Another dance with Rossi was the last thing she needed, especially after what happened at the Zoo and what happened with Bonnie when she got home. Bonnie took one sniff and ordered both of them into the shower. Afterward, wrapped in their robes, they sat on the bedroom floor drinking wine and ruffling their dog Quincy’s fur. Bonnie waited until Alex had finished her glass of wine.
“Okay, give. What terrible thing happened today?”
“Do I look that bad?”
“Yes, but you smelled worse. Where did that come from?”
Alex knew that she had to give Bonnie enough of the truth to make sense of her appearance, and that meant telling her she’d been to the judge’s ranch. She’d never told Bonnie about her visits to the ranch, claiming she was meeting a witness in one of her cases.
“I was in Judge West’s court today. He was going on and on about his damn horses and how wonderful they are and I was trying to be polite so I said that I’d love to see them sometime. And he said what about tonight, and what was I going to do? Of course, if I’d known he was going to ask me to help him muck out the stables, I would have come up with an excuse. But I wasn’t quick enough.”

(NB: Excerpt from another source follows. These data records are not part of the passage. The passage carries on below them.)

(* Let $K$ be a field of characteristic $0$, $\theta=t\frac{d}{dt}$, $\mathcal{L}=\theta^n+\sum_{i=0}^{n-1}a_i\theta^i$ with $a_i\in K(t)$, and $\mathcal{M}_{\mathcal{L}}=K(t)[\theta]/K(t)[\theta]\mathcal{L}$ with generator $\eta$ and $\eta^{(i)}=\theta^i\eta$. Let $\langle\,,\rangle$ be a $K(t)$-bilinear horizontal pairing $\mathcal{M}_{\mathcal{L}}\times\mathcal{M}_{\mathcal{L}}\to K(t)$ such that $\langle\eta,\eta^{(i)}\rangle=0$ for $0\le i<n-1$, and put $\gamma=\langle\eta,\eta^{(n-1)}\rangle$. Then: (i) the pairing is uniquely determined by $\gamma$, and $\gamma=c\beta^{-1}$ for some $c\in K$, where $\beta$ is a $\beta$-factor of $\mathcal{L}$; (ii) the pairing is $(-1)^{n+1}$-symmetric; (iii) if $\gamma\neq0$ the pairing is a polarization.
   Context: Horizontal means $\theta\langle x,y\rangle=\langle\theta x,y\rangle+\langle x,\theta y\rangle$. A $\beta$-factor of $\mathcal{L}$ is a non-zero solution (in some differential field extension of $K(t)$) of $n\,\theta\beta=2a_{n-1}\beta$. $\operatorname{Fil}^i$ is the $K(t)$-span of $\eta^{(j)}$, $0\le j\le n-1-i$; a polarization is a $K(t)$-bilinear, $(-1)^{n+1}$-symmetric, non-degenerate horizontal pairing with $\langle\operatorname{Fil}^i,\operatorname{Fil}^{n-i}\rangle=0$ for $0\le i\le n-1$. *)

theory Defs
  imports "HOL-Computational_Algebra.Computational_Algebra"
begin

type_synonym 'a rfun = "'a poly fract"

definition cst :: "'a::field_char_0 \<Rightarrow> 'a rfun" where
  "cst c = to_fract [:c:]"

text \<open>The derivation theta = t d/dt on K(t), computed on any representative p/q (the result is independent of it).\<close>
definition theta :: "'a::field_char_0 rfun \<Rightarrow> 'a rfun" where
  "theta x = (SOME y. \<exists>p q. q \<noteq> 0 \<and> x = Fract p q \<and>
      y = Fract ([:0, 1:] * (pderiv p * q - p * pderiv q)) (q * q))"

text \<open>The module M_L = K(t)[theta]/K(t)[theta]L is the free K(t)-module with basis
  eta^(0), ..., eta^(n-1). Its elements are represented by coefficient functions
  v :: nat => K(t) with v k = 0 for k >= n, meaning sum_{k<n} v k * eta^(k).\<close>
definition Mod :: "nat \<Rightarrow> (nat \<Rightarrow> 'a::field_char_0 rfun) set" where
  "Mod n = {v. \<forall>k\<ge>n. v k = 0}"

definition eta :: "nat \<Rightarrow> nat \<Rightarrow> 'a::field_char_0 rfun" where
  "eta i = (\<lambda>k. if k = i then 1 else 0)"

text \<open>Action of theta on M_L, using theta eta^(n-1) = eta^(n) = - sum_{k<n} a k eta^(k).\<close>
definition Theta :: "nat \<Rightarrow> (nat \<Rightarrow> 'a::field_char_0 rfun) \<Rightarrow> (nat \<Rightarrow> 'a rfun) \<Rightarrow> (nat \<Rightarrow> 'a rfun)" where
  "Theta n a v = (\<lambda>k. if k < n then
      theta (v k) + (if 1 \<le> k then v (k - 1) else 0) - v (n - 1) * a k
    else 0)"

definition bilinear_on :: "nat \<Rightarrow> ((nat \<Rightarrow> 'a::field_char_0 rfun) \<Rightarrow> (nat \<Rightarrow> 'a rfun) \<Rightarrow> 'a rfun) \<Rightarrow> bool" where
  "bilinear_on n P \<longleftrightarrow>
     (\<forall>u\<in>Mod n. \<forall>v\<in>Mod n. \<forall>w\<in>Mod n. \<forall>c.
        P (\<lambda>k. u k + v k) w = P u w + P v w \<and>
        P w (\<lambda>k. u k + v k) = P w u + P w v \<and>
        P (\<lambda>k. c * u k) w = c * P u w \<and>
        P w (\<lambda>k. c * u k) = c * P w u)"

definition horizontal :: "nat \<Rightarrow> (nat \<Rightarrow> 'a::field_char_0 rfun) \<Rightarrow> ((nat \<Rightarrow> 'a rfun) \<Rightarrow> (nat \<Rightarrow> 'a rfun) \<Rightarrow> 'a rfun) \<Rightarrow> bool" where
  "horizontal n a P \<longleftrightarrow>
     (\<forall>x\<in>Mod n. \<forall>y\<in>Mod n. theta (P x y) = P (Theta n a x) y + P x (Theta n a y))"

definition admissible_pairing where
  "admissible_pairing n a P \<longleftrightarrow> bilinear_on n P \<and> horizontal n a P \<and>
     (\<forall>i. i + 1 < n \<longrightarrow> P (eta 0) (eta i) = 0)"

text \<open>Fil^i = span of eta^(j), 0 <= j <= n-1-i (i.e. coefficients vanish for j >= n - i; Fil^n = 0).\<close>
definition Fil :: "nat \<Rightarrow> nat \<Rightarrow> (nat \<Rightarrow> 'a::field_char_0 rfun) set" where
  "Fil n i = {v \<in> Mod n. \<forall>j. n \<le> j + i \<longrightarrow> v j = 0}"

definition polarization where
  "polarization n a P \<longleftrightarrow> bilinear_on n P \<and> horizontal n a P \<and>
     (\<forall>x\<in>Mod n. \<forall>y\<in>Mod n. P y x = (-1) ^ (n + 1) * P x y) \<and>
     (\<forall>x\<in>Mod n. (\<forall>y\<in>Mod n. P x y = 0) \<longrightarrow> x = (\<lambda>_. 0)) \<and>
     (\<forall>i<n. \<forall>x\<in>Fil n i. \<forall>y\<in>Fil n (n - i). P x y = 0)"

definition diff_ext :: "('a::field_char_0 rfun \<Rightarrow> 'b::field) \<Rightarrow> ('b \<Rightarrow> 'b) \<Rightarrow> bool" where
  "diff_ext phi D \<longleftrightarrow> inj phi \<and> phi 1 = 1 \<and>
     (\<forall>x y. phi (x + y) = phi x + phi y \<and> phi (x * y) = phi x * phi y) \<and>
     (\<forall>x y. D (x + y) = D x + D y \<and> D (x * y) = D x * y + x * D y) \<and>
     (\<forall>x. D (phi x) = phi (theta x))"

definition beta_factor :: "nat \<Rightarrow> (nat \<Rightarrow> 'a::field_char_0 rfun) \<Rightarrow> ('a rfun \<Rightarrow> 'b::field) \<Rightarrow> ('b \<Rightarrow> 'b) \<Rightarrow> 'b \<Rightarrow> bool" where
  "beta_factor n a phi D b \<longleftrightarrow> b \<noteq> 0 \<and> of_nat n * D b = 2 * phi (a (n - 1)) * b"

end

theory Submission
  imports Defs
begin

text \<open>Write \<open>\<eta>\<^sub>i\<close> for \<open>\<eta>\<^sup>(\<^sup>i\<^sup>)\<close>. For \<open>i, j < n - 1\<close> horizontality reads
  \<open>\<theta>\<langle>\<eta>\<^sub>i, \<eta>\<^sub>j\<rangle> = \<langle>\<eta>\<^sub>i\<^sub>+\<^sub>1, \<eta>\<^sub>j\<rangle> + \<langle>\<eta>\<^sub>i, \<eta>\<^sub>j\<^sub>+\<^sub>1\<rangle>\<close>, so the Gram matrix is determined
  row by row by its first row, which vanishes except for \<open>\<gamma>\<close>: the matrix is zero above the
  antidiagonal and equals \<open>(-1)\<^sup>i \<gamma>\<close> on it. This gives uniqueness; symmetry, because
  \<open>(-1)\<^sup>n\<^sup>+\<^sup>1\<langle>y, x\<rangle>\<close> is admissible with the same \<open>\<gamma>\<close>; and, by the triangular shape,
  nondegeneracy and the orthogonality of \<open>Fil\<^sup>i\<close> and \<open>Fil\<^sup>n\<^sup>-\<^sup>i\<close>. Along the antidiagonal the
  horizontality relations telescope to \<open>n \<theta>\<gamma> = -2 a\<^sub>n\<^sub>-\<^sub>1 \<gamma>\<close>, so \<open>1/\<gamma>\<close> is a \<open>\<beta>\<close>-factor.\<close>

lemma theta_Fract:
  fixes p q :: "'a::field_char_0 poly"
  assumes q: "q \<noteq> 0"
  shows "theta (Fract p q) = Fract ([:0, 1:] * (pderiv p * q - p * pderiv q)) (q * q)"
  unfolding theta_def
proof (rule someI2[where a="Fract ([:0, 1:] * (pderiv p * q - p * pderiv q)) (q * q)"])
  show "\<exists>p' q'. q' \<noteq> 0 \<and> Fract p q = Fract p' q' \<and>
      Fract ([:0, 1:] * (pderiv p * q - p * pderiv q)) (q * q) =
      Fract ([:0, 1:] * (pderiv p' * q' - p' * pderiv q')) (q' * q')"
    using q by blast
next
  fix y
  assume "\<exists>p' q'. q' \<noteq> 0 \<and> Fract p q = Fract p' q' \<and>
      y = Fract ([:0, 1:] * (pderiv p' * q' - p' * pderiv q')) (q' * q')"
  then obtain p' q' where q': "q' \<noteq> 0" and same: "Fract p q = Fract p' q'"
    and y: "y = Fract ([:0, 1:] * (pderiv p' * q' - p' * pderiv q')) (q' * q')"
    by blast
  have cross: "p * q' = p' * q"
    using same q q' by (simp add: eq_fract)
  have cross_deriv: "pderiv p * q' = pderiv p' * q + p' * pderiv q - p * pderiv q'"
    using arg_cong[OF cross, of pderiv] by (simp add: pderiv_mult algebra_simps)
  have "(pderiv p * q - p * pderiv q) * (q' * q')
      = q' * (q * (pderiv p * q') - (p * q') * pderiv q)"
    by (simp add: algebra_simps)
  also have "\<dots> = q' * (q * (pderiv p' * q + p' * pderiv q - p * pderiv q') - (p' * q) * pderiv q)"
    using cross cross_deriv by simp
  also have "\<dots> = q' * q * q * pderiv p' - q * (p * q') * pderiv q'"
    by (simp add: algebra_simps)
  also have "\<dots> = (pderiv p' * q' - p' * pderiv q') * (q * q)"
    using cross by (simp add: algebra_simps)
  finally show "y = Fract ([:0, 1:] * (pderiv p * q - p * pderiv q)) (q * q)"
    using q q' y by (simp add: eq_fract)
qed

lemma theta_0 [simp]: "theta (0::'a::field_char_0 rfun) = 0"
  using theta_Fract[of "1::'a poly" 0] by (simp add: Zero_fract_def eq_fract)

lemma theta_1 [simp]: "theta (1::'a::field_char_0 rfun) = 0"
  using theta_Fract[of "1::'a poly" 1] by (simp add: One_fract_def Zero_fract_def eq_fract)

lemma theta_minus [simp]: "theta (- x :: 'a::field_char_0 rfun) = - theta x"
proof (cases x)
  case (Fract p q)
  then show ?thesis
    using theta_Fract[of q p] theta_Fract[of q "- p"] by (simp add: algebra_simps pderiv_minus)
qed

lemma theta_neg_one_power_mult [simp]:
  "theta ((- 1) ^ i * x :: 'a::field_char_0 rfun) = (- 1) ^ i * theta x"
  by (cases "even i") simp_all

lemma eta_in_Mod: "i < n \<Longrightarrow> (eta i :: nat \<Rightarrow> 'a::field_char_0 rfun) \<in> Mod n"
  by (simp add: eta_def Mod_def)

lemma Theta_in_Mod: "Theta n a v \<in> Mod n"
  by (simp add: Theta_def Mod_def)

lemma Theta_eta:
  "Suc i < n \<Longrightarrow> Theta n a (eta i :: nat \<Rightarrow> 'a::field_char_0 rfun) = eta (Suc i)"
  by (auto simp: Theta_def eta_def fun_eq_iff)

lemma Theta_eta_last:
  "n \<ge> 1 \<Longrightarrow>
    Theta n a (eta (n - 1) :: nat \<Rightarrow> 'a::field_char_0 rfun) = (\<lambda>k. if k < n then - a k else 0)"
  by (auto simp: Theta_def eta_def fun_eq_iff)

lemma Mod_linear_expand:
  fixes f :: "(nat \<Rightarrow> 'a::field_char_0 rfun) \<Rightarrow> 'a rfun"
  assumes add: "\<And>u v. u \<in> Mod n \<Longrightarrow> v \<in> Mod n \<Longrightarrow> f (\<lambda>k. u k + v k) = f u + f v"
    and smult: "\<And>c u. u \<in> Mod n \<Longrightarrow> f (\<lambda>k. c * u k) = c * f u"
    and x: "x \<in> Mod n"
  shows "f x = (\<Sum>k<n. x k * f (eta k))"
proof -
  have truncated: "f (\<lambda>k. if k < m then x k else 0) = (\<Sum>k<m. x k * f (eta k))"
    if "m \<le> n" for m
    using that
  proof (induction m)
    case 0
    have "(\<lambda>_. 0) \<in> Mod n"
      by (simp add: Mod_def)
    from smult[OF this, of 0] show ?case
      by simp
  next
    case (Suc m)
    have split: "(\<lambda>k. if k < Suc m then x k else 0)
        = (\<lambda>k. (if k < m then x k else 0) + x m * eta m k)"
      by (auto simp: eta_def fun_eq_iff less_Suc_eq)
    have trunc: "(\<lambda>k. if k < m then x k else 0) \<in> Mod n"
      using x by (auto simp: Mod_def)
    have eta_m: "eta m \<in> Mod n" and scaled: "(\<lambda>k. x m * eta m k) \<in> Mod n"
      using Suc.prems by (auto simp: Mod_def eta_def)
    have "f (\<lambda>k. if k < Suc m then x k else 0)
        = f (\<lambda>k. if k < m then x k else 0) + x m * f (eta m)"
      unfolding split add[OF trunc scaled] smult[OF eta_m] ..
    then show ?case
      using Suc by simp
  qed
  have "(\<lambda>k. if k < n then x k else 0) = x"
    using x by (auto simp: Mod_def fun_eq_iff)
  then show ?thesis
    using truncated[of n] by simp
qed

“You’re kidding! He made you shovel horseshit?”
“Well, he didn’t make me. I just couldn’t figure out how to say no. Except for the smell, it wasn’t that bad. I needed the exercise, and who wouldn’t want to help a horse?”
“That explains the smell, but it doesn’t explain why you looked so beat-up when you walked through the door.”
Alex dropped her chin to her chest and sighed. “No, it doesn’t.”
Bonnie draped her arm over Alex’s shoulder and pulled her close. “Come on. Out with it.”